World roundup: March 12 2025
Stories from Syria, the Democratic Republic of the Congo, Ukraine, and elsewhere
TODAY IN HISTORY
March 12, 1930: Mahatma Gandhi leads a 24 day march covering more than 240 miles from the Sabarmati Ashram in Gujarat to the village of Dandi, known as the “Salt March” or the “Dandi March.” Gandhi’s aim was to protest the British monopoly on salt production, so he and his followers manufactured their own salt at Dandi after arriving there on April 6, in violation of the 1882 British Salt Act. The march was a landmark event in both the conception of non-violent protest and the Indian independence movement.

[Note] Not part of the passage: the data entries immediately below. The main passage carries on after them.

(* Suppose $v_0=v^*$. Then for any two time steps $0\le a<b\le n$, $$\|P\widehat v_b-P\widehat v_a\|_2^2\le 50\cdot\alpha\cdot\log(\|v_b\|_2/\|v_a\|_2).$$
   Context: Setting: $\phi(x_1),\dots,\phi(x_n)\in\mathbb{R}^d$ are feature vectors of samples $x_1,\dots,x_n$; $\eta\in(0,0.1)$; $\beta\ge\alpha>0$; $v^*\in\mathbb{R}^d$ satisfies $\|v^*\|_2=1$, $\eta\sum_{i=1}^n\langle v^*,\phi(x_i)\rangle^2=\beta$, and $\eta\sum_{i=1}^n\langle w,\phi(x_i)\rangle^2\le\alpha$ for every $w$ with $\|w\|_2\le1$ and $\langle w,v^*\rangle=0$. $P=I-v^*(v^* )^\top$. The iterates are $v_i=v_{i-1}+\eta\langle\phi(x_i),v_{i-1}\rangle\phi(x_i)$ for $i\in[n]$, and $\widehat v_i=v_i/\|v_i\|_2$. $\log$ is the natural logarithm. *)

theory Defs
  imports "HOL-Analysis.Analysis"
begin

definition proj_perp :: "'a::real_inner \<Rightarrow> 'a \<Rightarrow> 'a" where
  "proj_perp vs y = y - (vs \<bullet> y) *\<^sub>R vs"

definition unit_dir :: "'a::real_normed_vector \<Rightarrow> 'a" where
  "unit_dir y = y /\<^sub>R norm y"

end

theory Submission
  imports Defs
begin

text \<open>
  Write \<open>g\<^sub>i = \<langle>\<phi>(x\<^sub>i), v\<^sub>i\<^sub>-\<^sub>1\<rangle>\<close> and \<open>E(a,b) = \<eta> \<Sum>\<^sub>a\<^sub><\<^sub>i\<^sub>\<le>\<^sub>b g\<^sub>i\<^sup>2\<close>.
  Each update raises \<open>\<parallel>v\<parallel>\<^sup>2\<close> by at least \<open>2\<eta>g\<^sub>i\<^sup>2\<close>, so \<open>2E(a,b) \<le> \<parallel>v\<^sub>b\<parallel>\<^sup>2 - \<parallel>v\<^sub>a\<parallel>\<^sup>2\<close>.
  On the other hand \<open>v\<^sub>b - v\<^sub>a = \<Sum> \<eta>g\<^sub>i\<phi>(x\<^sub>i)\<close>; pairing it with \<open>z = P(v\<^sub>b - v\<^sub>a)\<close>, which is
  orthogonal to \<open>v\<^sup>*\<close>, Cauchy-Schwarz and the spectral gap give \<open>\<parallel>z\<parallel>\<^sup>4 \<le> E(a,b)\<alpha>\<parallel>z\<parallel>\<^sup>2\<close>.
  Hence \<open>\<parallel>Pv\<^sub>b - Pv\<^sub>a\<parallel>\<^sup>2 \<le> \<alpha>(\<parallel>v\<^sub>b\<parallel>\<^sup>2 - \<parallel>v\<^sub>a\<parallel>\<^sup>2)/2\<close>, and also \<open>\<parallel>Pv\<^sub>a\<parallel>\<^sup>2 \<le> \<alpha>\<parallel>v\<^sub>a\<parallel>\<^sup>2/2\<close> because
  \<open>Pv\<^sub>0 = 0\<close>. Splitting \<open>Pv\<^sub>b/R - Pv\<^sub>a/r = (Pv\<^sub>b - Pv\<^sub>a)/R + (1/R - 1/r)Pv\<^sub>a\<close> with \<open>r = \<parallel>v\<^sub>a\<parallel>\<close>,
  \<open>R = \<parallel>v\<^sub>b\<parallel>\<close> bounds the left-hand side by \<open>2\<alpha>(1 - r\<^sup>2/R\<^sup>2) \<le> 4\<alpha> ln(R/r)\<close>.
  So the constant 4 suffices, and neither \<open>\<eta> < 0.1\<close> nor anything about \<open>\<beta>\<close> is needed.
\<close>

lemma linear_proj_perp: "linear (proj_perp vs)"
  by (rule linearI) (simp_all add: proj_perp_def inner_add_right algebra_simps)

lemma proj_perp_self: "norm vs = 1 \<Longrightarrow> proj_perp vs vs = 0"
  by (simp add: proj_perp_def dot_square_norm)

lemma proj_perp_orthogonal: "norm vs = 1 \<Longrightarrow> proj_perp vs y \<bullet> vs = 0"
  by (simp add: proj_perp_def inner_diff_left dot_square_norm inner_commute[of y vs])

lemma inner_proj_perp_right: "z \<bullet> vs = 0 \<Longrightarrow> z \<bullet> proj_perp vs y = z \<bullet> y"
  by (simp add: proj_perp_def inner_diff_right)

lemma proj_perp_unit_dir: "proj_perp vs (unit_dir y) = proj_perp vs y /\<^sub>R norm y"
  unfolding unit_dir_def by (simp add: linear_scale[OF linear_proj_perp])

lemma sum_sq_inner_le_norm_sq:
  fixes vs :: "'a::real_inner"
  assumes bound: "\<And>w. norm w \<le> 1 \<Longrightarrow> w \<bullet> vs = 0 \<Longrightarrow> c * (\<Sum>i\<in>I. (w \<bullet> u i)\<^sup>2) \<le> alpha"
    and z: "z \<bullet> vs = 0"
  shows "c * (\<Sum>i\<in>I. (z \<bullet> u i)\<^sup>2) \<le> alpha * (norm z)\<^sup>2"
proof (cases "z = 0")
  case False
  define w where "w = z /\<^sub>R norm z"
  have "c * (\<Sum>i\<in>I. (w \<bullet> u i)\<^sup>2) \<le> alpha"
    using z False by (intro bound) (simp_all add: w_def)
  moreover have "(\<Sum>i\<in>I. (w \<bullet> u i)\<^sup>2) = (\<Sum>i\<in>I. (z \<bullet> u i)\<^sup>2) / (norm z)\<^sup>2"
    unfolding sum_divide_distrib
    by (rule sum.cong) (simp_all add: w_def power_mult_distrib power_inverse divide_inverse mult.commute)
  ultimately show ?thesis
    using False by (simp add: divide_le_eq mult.commute)
qed simp

lemma one_minus_sq_ratio_le_ln:
  fixes r R :: real
  assumes "0 < r" "r \<le> R"
  shows "1 - (r / R)\<^sup>2 \<le> 2 * ln (R / r)"
proof -
  have "ln ((r / R)\<^sup>2) \<le> (r / R)\<^sup>2 - 1"
    using assms by (intro ln_le_minus_one) simp
  moreover have "ln ((r / R)\<^sup>2) = - 2 * ln (R / r)"
    using assms by (simp add: ln_div ln_mult power2_eq_square)
  ultimately show ?thesis by simp
qed

lemma norm_rescaled_diff_le:
  fixes p q :: "'a::real_normed_vector" and r R :: real
  assumes "0 < r" "r \<le> R"
  shows "norm (q /\<^sub>R R - p /\<^sub>R r) \<le> norm (q - p) / R + (1 / r - 1 / R) * norm p"
proof -
  have "q /\<^sub>R R - p /\<^sub>R r = (q - p) /\<^sub>R R + (1 / R - 1 / r) *\<^sub>R p"
    by (simp add: divide_inverse algebra_simps)
  then show ?thesis
    using assms norm_triangle_ineq[of "(q - p) /\<^sub>R R" "(1 / R - 1 / r) *\<^sub>R p"]
    by (simp add: frac_le divide_inverse mult.commute)
qed

lemma norm_rescaled_diff_sq_le:
  fixes p q :: "'a::real_normed_vector" and r R :: real
  assumes r: "0 < r" "r \<le> R"
    and p: "(norm p)\<^sup>2 \<le> alpha * r\<^sup>2 / 2"
    and qp: "(norm (q - p))\<^sup>2 \<le> alpha * (R\<^sup>2 - r\<^sup>2) / 2"
  shows "(norm (q /\<^sub>R R - p /\<^sub>R r))\<^sup>2 \<le> 4 * alpha * ln (R / r)"
proof -
  define t where "t = r / R"
  define X where "X = norm (q - p) / R"
  define Y where "Y = (1 / r - 1 / R) * norm p"
  have R: "0 < R" and t: "0 < t" "t \<le> 1"
    using r by (auto simp: t_def)
  have "0 \<le> alpha * r\<^sup>2"
    using p zero_le_power2[of "norm p"] by linarith
  then have alpha: "0 \<le> alpha"
    using r by (simp add: zero_le_mult_iff)
  have "norm (q /\<^sub>R R - p /\<^sub>R r) \<le> X + Y"
    unfolding X_def Y_def using r by (rule norm_rescaled_diff_le)
  then have "(norm (q /\<^sub>R R - p /\<^sub>R r))\<^sup>2 \<le> (X + Y)\<^sup>2"
    by (intro power_mono) auto
  also have "\<dots> \<le> 2 * X\<^sup>2 + 2 * Y\<^sup>2"
    using zero_le_power2[of "X - Y"] by (simp add: power2_eq_square algebra_simps)
  also have "\<dots> \<le> 2 * alpha * (1 - t\<^sup>2)"
  proof -
    have "X\<^sup>2 = (norm (q - p))\<^sup>2 / R\<^sup>2"
      by (simp add: X_def power_divide)
    also have "\<dots> \<le> alpha * (R\<^sup>2 - r\<^sup>2) / 2 / R\<^sup>2"
      using qp by (intro divide_right_mono) auto
    also have "\<dots> = alpha * (1 - t\<^sup>2) / 2"
      using R by (simp add: t_def field_simps)
    finally have X2: "X\<^sup>2 \<le> alpha * (1 - t\<^sup>2) / 2" .
    have "Y\<^sup>2 = (norm p)\<^sup>2 / r\<^sup>2 * (1 - t)\<^sup>2"
      using r R by (simp add: Y_def t_def field_simps power2_eq_square)
    also have "\<dots> \<le> alpha / 2 * (1 - t)\<^sup>2"
      using p r by (intro mult_right_mono) (simp_all add: divide_le_eq field_simps)
    also have "\<dots> \<le> alpha / 2 * (1 - t\<^sup>2)"
      using t alpha by (intro mult_left_mono) (auto simp: power2_eq_square algebra_simps)
    finally show ?thesis
      using X2 by simp
  qed
  also have "\<dots> \<le> 4 * alpha * ln (R / r)"
    using mult_left_mono[OF one_minus_sq_ratio_le_ln[OF r] alpha] by (simp add: t_def)
  finally show ?thesis .
qed

lemma sum_greaterThanAtMost_Suc:
  assumes "a \<le> m"
  shows "(\<Sum>i\<in>{a<..Suc m}. f i) = f (Suc m) + (\<Sum>i\<in>{a<..m}. f i)"
proof -
  have "{a<..Suc m} = insert (Suc m) {a<..m}"
    using assms by auto
  then show ?thesis by simp
qed

locale rank_one_iteration =
  fixes u :: "nat \<Rightarrow> 'a::real_inner" and eta :: real and n :: nat and v :: "nat \<Rightarrow> 'a"
  assumes eta_nonneg: "0 \<le> eta"
    and update: "\<And>i. i \<in> {1..n} \<Longrightarrow> v i = v (i - 1) + (eta * (u i \<bullet> v (i - 1))) *\<^sub>R u i"
begin

definition energy :: "nat \<Rightarrow> nat \<Rightarrow> real" where
  "energy a b = (\<Sum>i\<in>{a<..b}. eta * (u i \<bullet> v (i - 1))\<^sup>2)"

lemma energy_nonneg: "0 \<le> energy a b"
  unfolding energy_def using eta_nonneg by (intro sum_nonneg) simp

lemma norm_sq_step:
  assumes "i \<in> {1..n}"
  shows "(norm (v (i - 1)))\<^sup>2 + 2 * eta * (u i \<bullet> v (i - 1))\<^sup>2 \<le> (norm (v i))\<^sup>2"
proof -
  define w where "w = v (i - 1)"
  define d where "d = (eta * (u i \<bullet> w)) *\<^sub>R u i"
  have "(norm (v i))\<^sup>2 = (norm (w + d))\<^sup>2"
    using update[OF assms] by (simp add: w_def d_def)
  also have "\<dots> = (norm w)\<^sup>2 + (norm d)\<^sup>2 + 2 * (w \<bullet> d)"
    unfolding dot_norm[of w d] by (simp add: field_simps)
  finally have "(norm (v i))\<^sup>2 = (norm w)\<^sup>2 + (norm d)\<^sup>2 + 2 * (w \<bullet> d)" .
  moreover have "w \<bullet> d = eta * (u i \<bullet> w)\<^sup>2"
    by (simp add: d_def inner_commute power2_eq_square)
  ultimately show ?thesis
    unfolding w_def[symmetric] using zero_le_power2[of "norm d"] by linarith
qed

lemma norm_sq_growth:
  assumes "a \<le> b" "b \<le> n"
  shows "(norm (v a))\<^sup>2 + 2 * energy a b \<le> (norm (v b))\<^sup>2"
  using assms
proof (induction b rule: dec_induct)
  case (step m)
  have "(norm (v m))\<^sup>2 + 2 * eta * (u (Suc m) \<bullet> v m)\<^sup>2 \<le> (norm (v (Suc m)))\<^sup>2"
    using norm_sq_step[of "Suc m"] step by simp
  with step show ?case
    by (simp add: energy_def sum_greaterThanAtMost_Suc)
qed (simp add: energy_def)

lemma norm_mono:
  assumes "a \<le> b" "b \<le> n"
  shows "norm (v a) \<le> norm (v b)"
proof (rule power2_le_imp_le)
  show "(norm (v a))\<^sup>2 \<le> (norm (v b))\<^sup>2"
    using norm_sq_growth[OF assms] energy_nonneg[of a b] by linarith
qed simp

lemma increment_eq_sum:
  assumes "a \<le> b" "b \<le> n"
  shows "v b - v a = (\<Sum>i\<in>{a<..b}. (eta * (u i \<bullet> v (i - 1))) *\<^sub>R u i)"
  using assms
proof (induction b rule: dec_induct)
  case (step m)
  then show ?case
    using update[of "Suc m"] by (simp add: sum_greaterThanAtMost_Suc algebra_simps)
qed simp

lemma inner_increment_sq_le:
  assumes "a \<le> b" "b \<le> n"
  shows "(z \<bullet> (v b - v a))\<^sup>2 \<le> energy a b * (\<Sum>i\<in>{a<..b}. eta * (z \<bullet> u i)\<^sup>2)"
proof -
  define s where "s = sqrt eta"
  have s: "s * s = eta" "s\<^sup>2 = eta"
    using eta_nonneg by (simp_all add: s_def)
  have "z \<bullet> (v b - v a) = (\<Sum>i\<in>{a<..b}. (s * (u i \<bullet> v (i - 1))) * (s * (z \<bullet> u i)))"
    using increment_eq_sum[OF assms]
    by (simp add: inner_sum_right mult_ac flip: s(1))
  also have "\<dots>\<^sup>2 \<le> (\<Sum>i\<in>{a<..b}. (s * (u i \<bullet> v (i - 1)))\<^sup>2) * (\<Sum>i\<in>{a<..b}. (s * (z \<bullet> u i))\<^sup>2)"
    by (rule Cauchy_Schwarz_ineq_sum)
  finally show ?thesis
    by (simp add: energy_def power_mult_distrib s(2))
qed

lemma proj_perp_increment_sq_le:
  assumes vs: "norm vs = 1" and alpha: "0 \<le> alpha"
    and gap: "\<And>z. z \<bullet> vs = 0 \<Longrightarrow> eta * (\<Sum>i=1..n. (z \<bullet> u i)\<^sup>2) \<le> alpha * (norm z)\<^sup>2"
    and ab: "a \<le> b" "b \<le> n"
  shows "(norm (proj_perp vs (v b) - proj_perp vs (v a)))\<^sup>2
           \<le> alpha * ((norm (v b))\<^sup>2 - (norm (v a))\<^sup>2) / 2"
proof -
  define z where "z = proj_perp vs (v b) - proj_perp vs (v a)"
  have z_orth: "z \<bullet> vs = 0"
    using proj_perp_orthogonal[OF vs] by (simp add: z_def inner_diff_left)
  have "(norm z)\<^sup>2 = z \<bullet> proj_perp vs (v b - v a)"
    by (simp add: z_def power2_norm_eq_inner linear_diff[OF linear_proj_perp])
  also have "\<dots> = z \<bullet> (v b - v a)"
    using z_orth by (rule inner_proj_perp_right)
  finally have "((norm z)\<^sup>2)\<^sup>2 \<le> energy a b * (\<Sum>i\<in>{a<..b}. eta * (z \<bullet> u i)\<^sup>2)"
    using inner_increment_sq_le[OF ab] by simp
  also have "\<dots> \<le> energy a b * (alpha * (norm z)\<^sup>2)"
  proof (intro mult_left_mono energy_nonneg)
    have "(\<Sum>i\<in>{a<..b}. (z \<bullet> u i)\<^sup>2) \<le> (\<Sum>i=1..n. (z \<bullet> u i)\<^sup>2)"
      using ab by (intro sum_mono2) auto
    then have "eta * (\<Sum>i\<in>{a<..b}. (z \<bullet> u i)\<^sup>2) \<le> eta * (\<Sum>i=1..n. (z \<bullet> u i)\<^sup>2)"
      using eta_nonneg by (rule mult_left_mono)
    then show "(\<Sum>i\<in>{a<..b}. eta * (z \<bullet> u i)\<^sup>2) \<le> alpha * (norm z)\<^sup>2"
      using gap[OF z_orth] by (simp add: sum_distrib_left)
  qed
  finally have "(norm z)\<^sup>2 \<le> alpha * energy a b"
    using alpha energy_nonneg[of a b]
    by (cases "z = 0") (auto simp: power2_eq_square mult_ac)
  also have "\<dots> \<le> alpha * (((norm (v b))\<^sup>2 - (norm (v a))\<^sup>2) / 2)"
    using norm_sq_growth[OF ab] alpha by (intro mult_left_mono) auto
  finally show ?thesis
    by (simp add: z_def)
qed

end

theorem lemmaC2:
  fixes phi :: "'b \<Rightarrow> 'a::euclidean_space"
    and x :: "nat \<Rightarrow> 'b"
    and n :: nat
    and eta alpha beta :: real
    and vs :: 'a
    and v :: "nat \<Rightarrow> 'a"
    and a b :: nat
  assumes eta_pos: "0 < eta" and eta_small: "eta < 0.1"
    and alpha_pos: "0 < alpha" and alpha_le_beta: "alpha \<le> beta"
    and vs_unit: "norm vs = 1"
    and top_dir: "eta * (\<Sum>i=1..n. (vs \<bullet> phi (x i))\<^sup>2) = beta"
    and gap: "\<And>w. norm w \<le> 1 \<Longrightarrow> w \<bullet> vs = 0 \<Longrightarrow>
                eta * (\<Sum>i=1..n. (w \<bullet> phi (x i))\<^sup>2) \<le> alpha"
    and v_step: "\<And>i. i \<in> {1..n} \<Longrightarrow>
                v i = v (i - 1) + (eta * (phi (x i) \<bullet> v (i - 1))) *\<^sub>R phi (x i)"
    and v0: "v 0 = vs"
    and ab: "a < b" and bn: "b \<le> n"
  shows "(norm (proj_perp vs (unit_dir (v b)) - proj_perp vs (unit_dir (v a))))\<^sup>2
           \<le> 50 * alpha * ln (norm (v b) / norm (v a))"
proof -
  interpret rank_one_iteration "\<lambda>i. phi (x i)" eta n v
    using eta_pos v_step by unfold_locales auto
  have gap_scaled: "eta * (\<Sum>i=1..n. (z \<bullet> phi (x i))\<^sup>2) \<le> alpha * (norm z)\<^sup>2"
    if "z \<bullet> vs = 0" for z
    using gap that by (rule sum_sq_inner_le_norm_sq)
  have increment_bound: "(norm (proj_perp vs (v j) - proj_perp vs (v i)))\<^sup>2
      \<le> alpha * ((norm (v j))\<^sup>2 - (norm (v i))\<^sup>2) / 2" if "i \<le> j" "j \<le> n" for i j
    using proj_perp_increment_sq_le[OF vs_unit _ gap_scaled that] alpha_pos by simp
  have r: "1 \<le> norm (v a)" "norm (v a) \<le> norm (v b)"
    using norm_mono[of 0 a] norm_mono[of a b] ab bn v0 vs_unit by auto
  have "(norm (proj_perp vs (v a)))\<^sup>2 \<le> alpha * ((norm (v a))\<^sup>2 - 1) / 2"
    using increment_bound[of 0 a] ab bn v0 vs_unit proj_perp_self[OF vs_unit] by simp
  also have "\<dots> \<le> alpha * (norm (v a))\<^sup>2 / 2"
    using alpha_pos by (simp add: right_diff_distrib diff_divide_distrib)
  finally have "(norm (proj_perp vs (unit_dir (v b)) - proj_perp vs (unit_dir (v a))))\<^sup>2
      \<le> 4 * alpha * ln (norm (v b) / norm (v a))"
    unfolding proj_perp_unit_dir using r increment_bound[of a b] ab bn
    by (intro norm_rescaled_diff_sq_le) auto
  also have "\<dots> \<le> 50 * alpha * ln (norm (v b) / norm (v a))"
    using r alpha_pos by (intro mult_right_mono ln_ge_zero) (auto simp: le_divide_eq)
  finally show ?thesis .
qed

end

March 12, 1938: Nazi Germany occupies Austria in an event known as the Anschluss. Uniting Austria and Germany was one of the primary tenets of the Nazi Party and the most important component of its Heim ins Reich project to incorporate all ethnic Germans into a “Greater Germany.” The Nazi occupation, which was welcomed by many Austrians, rendered irrelevant a planned referendum on unification that Austrian Chancellor Kurt Schuschnigg had scheduled for the following day.
MIDDLE EAST
SYRIA
Reuters, citing “six sources,” reported on Wednesday that the Trump administration “encouraged” the Syrian Democratic Forces group to come to terms with authorities in Damascus on the integration agreement they reached earlier this week. Buried deeper in the story is a possible explanation for this encouragement, which is that “the Pentagon has started developing plans” in case Donald Trump eventually orders a US military withdrawal from Syria. Trump attempted such a withdrawal in his first term only to back down in the face of opposition from within his own administration as well as concern that the US would be abandoning the SDF to a potential Turkish invasion. The SDF’s new deal with Damascus should, if it’s successfully implemented, forestall a potential conflict with Turkey, removing one obstacle to revisiting Trump’s earlier idea.